The preliminary results prove that highly efficient catalysts can be easily recovered and reused by being immobilized on suitable nanosupports. In light of the encouraging reported results, we are currently investigating the catalytic efficiency of 2a and its immobilized analogues 7a and 7b in other asymmetric reactions and in the synthesis of molecules of pharmaceutical interest.

Experimental Section

Unless otherwise stated, commercial reagents purchased from Alfa Aesar, Acros, and Aldrich chemical companies were used without further purification. Purification of reaction products was carried out by flash chromatography using Kiesegel F Merck silica gel (230–400 mesh). Thin-layer chromatography (TLC) was performed on Kiesegel F 254 pre-coated silica gel plates, and visualization was achieved by inspection under UV light (Mineralight UVG 11254 nm) followed by staining with phosphomolybdic acid dip [polyphosphomolybdic acid (12 g) and ethanol (250 mL)] or 2,4-dinitrophenylhydrazine dip [2,4-dinitrophenylhydrazine dip (4 g), ethanol (100 mL), water (20 mL), and sulfuric acid]. ¹H NMR spectra were recorded using a Varian Mercury 300 (75 MHz) or a Bruker Avance 400 (100 MHz). Chemical shifts (δ) are reported in parts per million (ppm) relative to the internal standard of a residue solvent peak, chloroform (77.00 ppm). Optical rotations were measured on a digital polarimeter (Jasco DIP-370) with a cell path length of 1 cm; solution concentrations are reported in grams per 100 mL. Enantiomeric excesses were determined by way of an Agilent 1260 Infinity HPLC system equipped with a diode array detector (DAD) and a chiral stationary phase; chiral columns used were Chiralpak IA, Chiralpak IB, and Chiralpack IC.

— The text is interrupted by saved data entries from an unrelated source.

section \<open>C*-algebras\<close>

lemma continuous_linear_imp_bounded_linear:
  fixes T :: "'a::real_normed_vector \<Rightarrow> 'b::real_normed_vector"
  assumes lin: "linear T" and cont: "continuous_on UNIV T"
  shows "bounded_linear T"
proof -
  have "isCont T 0"
    using cont by (simp add: continuous_on_eq_continuous_at)
  then obtain d where d: "d > 0" and small: "\<And>y. norm y < d \<Longrightarrow> norm (T y) < 1"
    unfolding continuous_at_eps_delta using linear_0[OF lin]
    by (auto simp: dist_norm) (metis zero_less_one)
  have "norm (T y) \<le> norm y * (2 / d)" for y
  proof (cases "y = 0")
    case True
    then show ?thesis by (simp add: linear_0[OF lin])
  next
    case False
    let ?t = "d / (2 * norm y)"
    have t: "?t > 0"
      using False d by simp
    have "norm (?t *\<^sub>R y) < d"
      using False d by simp
    then have "norm (T (?t *\<^sub>R y)) < 1"
      by (rule small)
    then have "?t * norm (T y) < 1"
      using t d by (simp add: linear_scale[OF lin])
    then show ?thesis
      using False d by (simp add: field_simps)
  qed
  then show ?thesis
    using lin unfolding bounded_linear_def bounded_linear_axioms_def by blast
qed

locale cstar =
  fixes sc :: "complex \<Rightarrow> 'a::{real_normed_algebra_1,banach} \<Rightarrow> 'a"
    and st :: "'a \<Rightarrow> 'a"
  assumes cstar_algebra: "cstar_algebra sc st"
begin

lemma sc_of_real: "sc (complex_of_real r) a = r *\<^sub>R a"
  and sc_add_scalar: "sc (c + d) a = sc c a + sc d a"
  and sc_add: "sc c (a + b) = sc c a + sc c b"
  and sc_sc: "sc (c * d) a = sc c (sc d a)"
  and norm_sc: "norm (sc c a) = cmod c * norm a"
  using cstar_algebra unfolding cstar_algebra_def complex_scaling_def by simp_all

lemma sc_mult_left: "sc c (a * b) = sc c a * b"
  and sc_mult_right: "sc c (a * b) = a * sc c b"
  using cstar_algebra unfolding cstar_algebra_def complex_scaling_def by blast+

lemma st_add: "st (a + b) = st a + st b"
  and st_sc: "st (sc c a) = sc (cnj c) (st a)"
  and st_mult: "st (a * b) = st b * st a"
  and st_st [simp]: "st (st a) = a"
  and norm_st_mult_self: "norm (st a * a) = (norm a)\<^sup>2"
  using cstar_algebra unfolding cstar_algebra_def by simp_all

lemma sc_one [simp]: "sc 1 a = a"
  using sc_of_real[of 1 a] by simp

lemma sc_minus_one: "sc (-1) a = - a"
  using sc_of_real[of "-1" a] by simp

lemma sc_minus_ii: "sc (- \<i>) a = - sc \<i> a"
  using sc_sc[of "-1" \<i> a] by (simp add: sc_minus_one)

lemma sc_ii_minus_ii: "sc \<i> (sc (- \<i>) a) = a"
  using sc_sc[of \<i> "- \<i>" a] by simp

lemma sc_scaleR: "sc c (r *\<^sub>R a) = r *\<^sub>R sc c a"
  by (metis sc_of_real sc_sc mult.commute)

lemma bounded_linear_sc: "bounded_linear (sc c)"
  by (rule bounded_linear_intro[where K="cmod c"]) (auto simp: sc_add sc_scaleR norm_sc mult.commute)

lemma st_scaleR: "st (r *\<^sub>R a) = r *\<^sub>R st a"
  using st_sc[of "complex_of_real r" a] by (simp add: sc_of_real)

lemma linear_st: "linear st"
  by (rule linearI) (simp_all add: st_add st_scaleR)

lemma st_one [simp]: "st 1 = 1"
  using st_mult[of "st 1" 1] by simp

lemma st_power: "st (a ^ n) = st a ^ n"
  by (induction n) (auto simp: st_mult power_commutes)

lemma norm_st [simp]: "norm (st a) = norm a"
proof -
  have le: "norm b \<le> norm (st b)" for b
  proof (cases "b = 0")
    case False
    have "(norm b)\<^sup>2 \<le> norm (st b) * norm b"
      using norm_st_mult_self[of b] norm_mult_ineq[of "st b" b] by simp
    then show ?thesis
      using False by (simp add: power2_eq_square)
  qed (simp add: linear_0[OF linear_st])
  show ?thesis
    using le[of a] le[of "st a"] by simp
qed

Attenuated total reflectance-Fourier transform infrared (ATR-FTIR) spectra were recorded on a Shimadzu IR Prestige-21. Elemental analyses for C, H, and N were performed on an EA 1110 CHNS-O element analyzer. Morphologic and structural investigations were performed by way of a JEOL JEM 2010 transmission electron microscope.

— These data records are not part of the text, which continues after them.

text \<open>E is a resolution of the identity (spectral family) and the operator (TD, T)
  equals the spectral integral of s dE_s.\<close>
definition resolution_of_identity ::
  "(real \<Rightarrow> 'a \<Rightarrow> 'a) \<Rightarrow> 'a::{real_inner,complete_space} set \<Rightarrow> ('a \<Rightarrow> 'a) \<Rightarrow> bool" where
  "resolution_of_identity E TD T \<longleftrightarrow>
     (\<forall>s. bounded_linear (E s) \<and> (\<forall>x. E s (E s x) = E s x) \<and>
          (\<forall>x y. inner (E s x) y = inner x (E s y))) \<and>
     (\<forall>s t x. s \<le> t \<longrightarrow> E s (E t x) = E s x) \<and>
     (\<forall>s x. ((\<lambda>t. E t x) \<longlongrightarrow> E s x) (at_right s)) \<and>
     (\<forall>x. ((\<lambda>t. E t x) \<longlongrightarrow> 0) at_bot) \<and>
     (\<forall>x. ((\<lambda>t. E t x) \<longlongrightarrow> x) at_top) \<and>
     TD = {u. (\<integral>\<^sup>+ s. ennreal (s\<^sup>2) \<partial>spec_meas E u) < \<infinity>} \<and>
     (\<forall>u\<in>TD. \<forall>v\<in>TD. inner (T u) v =
        (integral\<^sup>L (spec_meas E (u + v)) (\<lambda>s. s) - integral\<^sup>L (spec_meas E (u - v)) (\<lambda>s. s)) / 4)"

text \<open>R(a) = closure of (T + aI)^{-1} A*, i.e. the bounded linear operator on the whole
  space that agrees with (T + aI)^{-1} A* on D(A*).\<close>
definition Rop :: "'a::{real_inner,complete_space} set \<Rightarrow> ('a \<Rightarrow> 'a) \<Rightarrow> real \<Rightarrow> 'a \<Rightarrow> 'a" where
  "Rop D A a = (THE L. bounded_linear L \<and>
      (\<forall>y\<in>adj_dom D A. L y \<in> T_dom D A \<and> T_op D A (L y) + a *\<^sub>R L y = adj D A y))"

text \<open>The a priori set K = {u. int_0^infty s^(-2p) d(E_s u,u) <= k_p^2}; at s = 0 the
  integrand s^(-2p) is +infinity.\<close>
definition Kset :: "(real \<Rightarrow> 'a \<Rightarrow> 'a) \<Rightarrow> real \<Rightarrow> real \<Rightarrow> 'a::real_inner set" where
  "Kset E p k = {u. set_nn_integral (spec_meas E u) {0..}
      (\<lambda>s. if s = 0 then \<infinity> else ennreal (s powr (-2 * p))) \<le> ennreal (k\<^sup>2)}"

definition Sdelta :: "'a set \<Rightarrow> 'a set \<Rightarrow> ('a \<Rightarrow> 'a::real_normed_vector) \<Rightarrow> real \<Rightarrow> 'a \<Rightarrow> 'a set" where
  "Sdelta K D A \<delta> fd = {v \<in> K \<inter> D. norm (A v - fd) \<le> \<delta>}"

definition c_p :: "real \<Rightarrow> real" where
  "c_p p = p powr p * (1 - p) powr (1 - p)"

definition b_p :: "real \<Rightarrow> real \<Rightarrow> real" where
  "b_p p k = (4 * p * c_p p * k) powr (- 2 / (2 * p + 1))"

definition C_p :: "real \<Rightarrow> real \<Rightarrow> real" where
  "C_p p k = 1 / (2 * sqrt (b_p p k)) + c_p p * k * b_p p k powr p"

end

theory Submission
  imports Defs "HOL-Probability.Distribution_Functions"
begin

text \<open>Write \<open>R(a) = (T + a)\<^sup>-\<^sup>1 A\<^sup>*\<close>. For \<open>y \<in> D(A)\<close> let \<open>(T + a) x = y\<close>; then \<open>R(a) A y = y - a x\<close>, so
  \<open>R(a) f\<^sub>\<delta> - y = R(a) (f\<^sub>\<delta> - A y) - a x\<close>. The first term is at most \<open>\<delta> / (2 \<surd>a)\<close>, because
  \<open>u = R(a) h\<close> satisfies \<open>\<parallel>A u\<parallel>\<^sup>2 + a \<parallel>u\<parallel>\<^sup>2 = \<langle>h, A u\<rangle>\<close>. For the second, the spectral theorem gives
  \<open>\<parallel>a x\<parallel>\<^sup>2 = \<integral> (a / (s + a))\<^sup>2 d(E\<^sub>s y, y) \<le> (c\<^sub>p a\<^sup>p)\<^sup>2 \<integral> s\<^sup>-\<^sup>2\<^sup>p d(E\<^sub>s y, y) \<le> (c\<^sub>p k\<^sub>p a\<^sup>p)\<^sup>2\<close>
  for \<open>y \<in> K\<close>, where \<open>a / (s + a) \<le> c\<^sub>p a\<^sup>p s\<^sup>-\<^sup>p\<close> is Young's inequality. Without a functional calculus
  the middle inequality is proved band by band on a geometric grid \<open>s\<^sub>0 q\<^sup>i\<close>, letting \<open>s\<^sub>0 \<rightarrow> 0\<close> and
  \<open>q \<rightarrow> 1\<close> at the end. Both parts of the theorem follow from the bound
  \<open>\<delta> / (2 \<surd>a) + c\<^sub>p k\<^sub>p a\<^sup>p\<close>; \<open>a = b\<^sub>p \<delta>\<^sup>2\<^sup>/\<^sup>(\<^sup>2\<^sup>p\<^sup>+\<^sup>1\<^sup>)\<close> is its unique minimizer.

  The operator \<open>R(a)\<close> is constructed through the weak equation \<open>\<langle>A u, A x\<rangle> + a \<langle>u, x\<rangle> = \<langle>h, A x\<rangle>\<close>,
  solved by orthogonal projection onto the (closed) graph of \<open>A\<close>.\<close>

section \<open>Hilbert space preliminaries\<close>

lemma Cauchy_if_dist_le_sum:
  fixes X :: "nat \<Rightarrow> 'a::metric_space"
  assumes e: "e \<longlonglongrightarrow> 0" and dist_le: "\<And>n k. dist (X n) (X k) \<le> e n + e k"
  shows "Cauchy X"
proof (rule metric_CauchyI)
  fix \<epsilon> :: real assume "\<epsilon> > 0"
  then obtain N where N: "\<And>n. n \<ge> N \<Longrightarrow> \<bar>e n\<bar> < \<epsilon> / 2"
    using LIMSEQ_D[OF e, of "\<epsilon> / 2"] by auto
  have "dist (X n) (X k) < \<epsilon>" if "n \<ge> N" "k \<ge> N" for n k
    using dist_le[of n k] N[OF that(1)] N[OF that(2)] by linarith
  then show "\<exists>N. \<forall>n\<ge>N. \<forall>k\<ge>N. dist (X n) (X k) < \<epsilon>" by blast
qed

lemma parallelogram_law:
  fixes x y :: "'a::real_inner"
  shows "norm (x + y) ^ 2 + norm (x - y) ^ 2 = 2 * norm x ^ 2 + 2 * norm y ^ 2"
  by (simp add: power2_norm_eq_inner inner_add inner_diff inner_commute)

lemma infdist_power2_approx:
  fixes S :: "'a::real_normed_vector set"
  assumes "S \<noteq> {}" "0 < e"
  shows "\<exists>m\<in>S. norm (h - m) ^ 2 < infdist h S ^ 2 + e"
proof -
  have "infdist h S < sqrt (infdist h S ^ 2 + e)"
    using infdist_nonneg[of h S] assms(2) by (intro real_less_rsqrt) simp
  then obtain m where "m \<in> S" "dist h m < sqrt (infdist h S ^ 2 + e)"
    using cInf_lessD[of "dist h ` S"] assms(1) by (auto simp: infdist_notempty)
  then have "norm (h - m) ^ 2 < (sqrt (infdist h S ^ 2 + e))\<^sup>2"
    by (intro power_strict_mono) (auto simp: dist_norm)
  with \<open>m \<in> S\<close> assms(2) show ?thesis by auto
qed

(E)-3-((2S,3S)-3-Cyclohexyloxiran-2-yl)-N-(4-hydroxyphenethyl)acrylamide (11)

Carboxylic acid 10 (1 mmol) was added to a solution of 1.1 mmol of tyramine in 2 mL of dimethylformamide (DMF). A solution of 1 mmol of HOBt and 1 mmol of N-(3-dimethylaminopropyl)-N′-ethylcarbodiimide (EDC) in 2 mL of DMF were added to the reaction mixture. The reaction was stirred at room temperature for 12 h. The reaction mixture was diluted with AcOEt and washed with water. The aqueous layer was extracted with AcOEt. The organic layer was washed with cold acidic water (pH 4) and then dried over Na₂SO₄. The solvent was removed in vacuo. The crude product was purified by flash chromatography (Hex/AcOEt, 1:1) to give 248 mg (79%) of 11. ¹H NMR (400 MHz, CDCl₃): δ 8.12 (bs, 1H, PhOH), 6.94 (d, J = 8.3 Hz, 2H, Ph), 6.77 (d, J = 8.4 Hz, 2H, Ph), 6.59 (dd, J = 15.3, 6.6 Hz, 1H, CH=CHCONH), 6.41–6.28 (m, 1H, NH), 6.06 (d, J = 15.2 Hz, 1H, CH=CHCONH), 3.48 (d, J = 6.2 Hz, 2H, NHCH₂), 3.20 (dd, J = 6.5, 1.5 Hz, 1H, CHOCH=), 2.70 (t, J = 6.9 Hz, 2H, CH₂Ph), 2.62 (dd, J = 6.7, 1.9 Hz, 1H, c-HexCHO), 1.79–1.60 (m, 5H, c-Hex), 1.27–1.00 (m, 6H, c-Hex). ¹³C NMR (100 MHz, CDCl₃): δ 165.6, 155.3, 141.1, 129.7, 129.7, 125.3, 115.8, 66.2, 55.4, 41.3, 40.1, 34.6, 31.8, 29.5, 28.8, 26.2, 25.5. Anal. Calcd for C₁₉H₂₅NO₃: C, 72.35; H, 7.99; N, 4.44. Found: C, 72.69; H, 8.02; N, 4.64.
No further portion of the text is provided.